Мама и тетя переглянулись и рассмеялись. Папа покраснел и сказал, что докажет, что это правда. Я ни капельки не сомневалась, что это правда, и чуть не запустила тарелкой в смеющихся, что-то наорала.
Через некоторое время папа принес копию фотографии с печатный лист из журнала «Огонек» за февраль 1917 года с подписью: «Герои и жертвы Отечественной войны 1914–1916 гг.». На ней группа военных и за № 10 молодой красивый папа — «прапорщик Г. К. Лукашевич — ранен, награжден Георгиевским оружием».
Кстати, во всех анкетах папа писал: «Наград не имею» и указывал срок службы в Красной армии — 1922 (хотя в Красной армии он не служил, а был ранен на Первой мировой). Такое было время — за царские награды могли наказать.
Папа никогда не пил, не курил. Насколько страшными могут быть последствия курения, я узнала из одного из его рассказов, который хорошо запомнила.
В 1938 году они с мамой ехали на ледоколе «Красин» на Колыму. Караван затерли льды. С вертолетов сбрасывали еду, но не было папирос. Папа рассказывал: «Все курящие сидели в кружок на палубе, и бычок переходил от одного к другому — можно было затянуться один раз, неглубоко. Так кто-то не выдержал и затянулся второй раз — его забили до смерти, просто растерли сапогами по палубе». Он видел эту сцену сверху со второй палубы.
Я помню, как тщательно брился папа, как он долго точил опасную бритву на ремне. Всегда был подтянут. В праздник в светлой рубашке обязательно с галстуком. Если он болел и не мог бриться, он всегда с грустью говорил: «Опростился я».
Папа был добрым, но вспыльчивым человеком, поэтому трудно сходился с людьми, но если дружил, то навсегда. Он не ругался, а если его сильно доставали, он очень краснел, кричал: «Черт!» — и уходил из дома на несколько часов.

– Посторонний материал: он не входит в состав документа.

(* Let $G_m$ be a chain hexagonal cactus of length $m\ge 2$ with hexagons $h_1,\dots,h_m$ ordered along the chain (consecutive hexagons share a cut-vertex, $h_1$ and $h_m$ terminal). Let $c$ be the cut-vertex shared by $h_{m-1}$ and $h_m$, and label the vertices of $h_{m-1}$ as $a,b,c,i,j,k$ so that its edges are $ab,bc,ci,ij,jk,ka$. Let $H_{m-1}$ be the subgraph of $G_m$ induced by the vertices of $h_1,\dots,h_{m-1}$. Then at least one of the following holds: (i) $2\,\Psi(H_{m-1}-\{b,c\})\ge \Psi(H_{m-1}-c)$; (ii) $2\,\Psi(H_{m-1}-\{c,i\})\ge \Psi(H_{m-1}-c)$.
   Context: A matching of a graph is a set of pairwise vertex-disjoint edges; it is maximal if it is not a proper subset of another matching. $\Psi(G)$ is the number of maximal matchings of $G$. For a vertex set $S$, $G-S$ (or $G-v$ when $S=\{v\}$) is the graph obtained by deleting the vertices of $S$ and all incident edges. A chain hexagonal cactus is a connected graph all of whose blocks are 6-cycles (hexagons), in which each hexagon has at most two cut-vertices and each cut-vertex lies in exactly two hexagons; its length is its number of hexagons; terminal hexagons are those with exactly one cut-vertex. *)

theory Defs
  imports Main
begin

type_synonym 'a graph = "'a set \<times> 'a set set"

definition verts :: "'a graph \<Rightarrow> 'a set" where "verts G = fst G"
definition edges :: "'a graph \<Rightarrow> 'a set set" where "edges G = snd G"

Последние годы он сильно болел, часто лежал в больнице. Чем только не лечился — ему приносили даже парную сырую печенку. Одно лето на даче жил хмурый старик-травник, который готовил для него отвары целебных трав.
Я уверена, что причиной тяжелого состояния папы была его трудная жизнь, нереализованность его многочисленных способностей.
Он очень стеснялся занимать чье-то внимание, все говорил мне: «Если слягу, положи меня в больницу, не хочу вас мучить. Лучше уж сразу умереть, чтобы никому не быть в тягость».
Господь исполнил эту его просьбу. Он умер мгновенно.
Когда я думаю о папе, то в памяти всплывает картина, когда я с детьми приехала к нему на дачу в начале сентября 1972 года. Он стоял у калитки на дороге, широко раскинув руки (ходил уже с трудом), готовый принять в объятия любимых, готовый защитить всех и всегда.